This fast food has been referred to as kebab since the stalls started popping up in Mauritius. We don’t know the actual period when kebabs started getting popular but we surely know that it’s appreciated by everyone on our little island.
- 1 1/2 Pounds Chicken Breast
- 1/2 cup Yogurt
- salt and pepper to taste
- 1 Tbsp Granulate (powder)Onion Or 1 Grated onions
- 1 Tbsp Granulate Garlic Or Powder
- 1 Tsp cinnamon Powder
- 1/4 Cloves Powder
- 1 Tbsp Paprika
- 4 Tbsp Tomato paste
- 1 Tsp Vinegar
- 1/2 Big Spoon Honey
- 3 Tbsp Olive Oil
- Half Or a whole Lime Juice (Very Sour one)
- Wash the chicken pieces, and remove any skin.
- Mix all the ingredients above, excluding onion, carrot and onion together thoroughly and divide it into two parts. Keep one of these parts in the refrigerator. Marinate the chicken with the other part. Keep marinated chicken pieces for at least 4 hours. It should be overnight ideally (in the refrigerator).

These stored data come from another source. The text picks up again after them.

lemma refl_pos_less_iff:
  "inside p q a \<Longrightarrow> inside p q b \<Longrightarrow> refl_pos p q a < refl_pos p q b \<longleftrightarrow> b < a"
  unfolding inside_def refl_pos_def by arith

lemma refl_pos_between:
  assumes "inside p q u" "inside p q v" "min u v < y" "y < max u v"
  shows "min (refl_pos p q u) (refl_pos p q v) < refl_pos p q y \<and>
    refl_pos p q y < max (refl_pos p q u) (refl_pos p q v)"
  using assms unfolding inside_def refl_pos_def min_def max_def by (simp split: if_splits; arith)

lemma crosses_refl_pos:
  assumes "inside p q u" "inside p q v" "inside p q x" "inside p q y" "crosses u v x y"
  shows "crosses (refl_pos p q u) (refl_pos p q v) (refl_pos p q x) (refl_pos p q y)"
proof -
  have "crosses (refl_pos p q u) (refl_pos p q v) (refl_pos p q x) (refl_pos p q y) \<longleftrightarrow> crosses u v x y"
    by (rule crosses_antitone_image[where S = "Collect (inside p q)"])
      (use assms(1-4) in \<open>simp_all add: refl_pos_less_iff\<close>)
  with assms(5) show ?thesis by blast
qed

lemma crosses_iff_between:
  assumes "inside p q u" "inside p q v" "\<not> inside p q x"
  shows "crosses u v x y \<longleftrightarrow> min u v < y \<and> y < max u v"
  using assms unfolding crosses_def inside_def min_def max_def by (simp split: if_splits; arith)

lemma not_crosses_inside_outside:
  assumes "inside p q u" "inside p q v" "\<not> inside p q x" "\<not> inside p q y"
  shows "\<not> crosses u v x y"
proof
  assume "crosses u v x y"
  then have "min u v < y" "y < max u v"
    using crosses_iff_between[OF assms(1-3)] by auto
  with assms(1,2,4) show False
    unfolding inside_def by linarith
qed

lemma crosses_refl_pos_inner_end:
  assumes "inside p q u" "inside p q v" "\<not> inside p q x" "\<not> inside p q k" "crosses u v x y"
  shows "crosses (refl_pos p q u) (refl_pos p q v) (refl_pos p q y) k"
proof -
  have "min u v < y \<and> y < max u v"
    using crosses_iff_between[OF assms(1-3)] assms(5) by blast
  then have "min (refl_pos p q u) (refl_pos p q v) < refl_pos p q y \<and>
      refl_pos p q y < max (refl_pos p q u) (refl_pos p q v)"
    using refl_pos_between assms(1,2) by blast
  then have "crosses (refl_pos p q u) (refl_pos p q v) k (refl_pos p q y)"
    using crosses_iff_between[OF inside_refl_pos[OF assms(1)] inside_refl_pos[OF assms(2)] assms(4)]
    by blast
  then show ?thesis
    using crosses_swap_right by blast
qed

lemma crosses_move_inner_end:
  assumes "\<not> inside p q u" "\<not> inside p q v" "\<not> inside p q x" "inside p q y" "inside p q i"
    and "crosses u v x y"
  shows "crosses u v x i"
  using assms unfolding crosses_def inside_def min_def max_def by (simp split: if_splits; arith)

lemma not_crosses_if_outer_rank_mono:
  assumes "\<not> inside p q k" "\<not> inside p q k'" "k \<le> n" "k' \<le> n" "inside p q j" "inside p q j'"
    and "outer_rank n p k \<le> outer_rank n p k'" "j \<le> j'"
  shows "\<not> crosses k j k' j'"
  using assms one_le_p p_less_q q_le_n unfolding crosses_def inside_def outer_rank_def min_def max_def
  by (simp split: if_splits; arith)

lemma crosses_before_cut:
  "p < i \<Longrightarrow> i \<le> q \<Longrightarrow> \<not> inside p q k \<Longrightarrow> k \<noteq> p - 1 \<Longrightarrow> crosses (p - 1) i p k"
  using one_le_p unfolding crosses_def inside_def min_def max_def by (simp split: if_splits; arith)

lemma crosses_after_cut:
  "p \<le> i \<Longrightarrow> i < q \<Longrightarrow> \<not> inside p q k \<Longrightarrow> k \<le> n \<Longrightarrow> k \<noteq> next_pos n q \<Longrightarrow>
   crosses (next_pos n q) i q k"
  using one_le_p q_le_n unfolding crosses_def inside_def next_pos_def min_def max_def
  by (simp split: if_splits; arith)

text \<open>Both halves of the crossing points are listed monotonically along the chord, so the
  reconnected arcs are parallel and never cross each other.\<close>
lemma new_cross_not_crosses:
  assumes "(k, j) \<in> set (new_cross n p q A)" "(k', j') \<in> set (new_cross n p q A)"
  shows "\<not> crosses k j k' j'"
proof -
  let ?O = "outer_seq n p q A" and ?N = "reflected_inner_seq A"
  have ordered: "\<not> crosses k j k' j'"
    if "(k, j) \<in> set (new_cross n p q A)" "(k', j') \<in> set (new_cross n p q A)"
      "outer_rank n p k \<le> outer_rank n p k'" "j \<le> j'" for k j k' j'
    using new_cross_memD[OF that(1)] new_cross_memD[OF that(2)] that(3,4)
    by (intro not_crosses_if_outer_rank_mono) auto
  have mono: "outer_rank n p (?O ! a) \<le> outer_rank n p (?O ! b) \<and> ?N ! a \<le> ?N ! b"
    if "a \<le> b" "b < length ?O" "b < length ?N" for a b
    using that sorted_wrt_nth_less[OF sorted_outer_seq] sorted_nth_mono[OF sorted_reflected_inner_seq]
    by (cases "a = b") auto
  obtain a b where "a < length (new_cross n p q A)" "b < length (new_cross n p q A)"
      "new_cross n p q A ! a = (k, j)" "new_cross n p q A ! b = (k', j')"
    using assms by (auto simp: in_set_conv_nth)
  then have ab: "?O ! a = k" "?N ! a = j" "?O ! b = k'" "?N ! b = j'"
      "max a b < length ?O" "max a b < length ?N"
    unfolding new_cross_def by auto
  show ?thesis
  proof (cases "a \<le> b")
    case True
    then show ?thesis using mono[of a b] ab ordered[OF assms] by simp
  next
    case False
    then show ?thesis using mono[of b a] ab ordered[OF assms(2,1)] by (simp add: crosses_commute)
  qed
qed

end

section \<open>The action preserves non-crossing\<close>

locale cut_diagram = chord_cut +
  fixes A :: "nat \<Rightarrow> nat \<Rightarrow> nat"
  assumes symmetric: "symmetric_arcs A" and noncrossing: "noncrossing A"
begin

lemma arcs_sym: "A i j = A j i"
  using symmetric by (simp add: symmetric_arcs_def)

- Take out marinated chicken and place in kebab machine. If you do not have a kebab machine, you can use a normal oven/grill or grill on a pan for 7mins on each side. Set temperatures to maximum, as the aim in cooking kebab is to cook the outside of the meat first. The inner part should remain uncooked.
- Cut off the cooked outside part once you notice it has a blackish texture and place the meat in the oven again. If in the kebab machine, just rotate the meat and cut off.
- Mince the cabbage, carrot and onion in the meantime.
- Mix the chicken pieces together with the minced vegetables and serve with bread.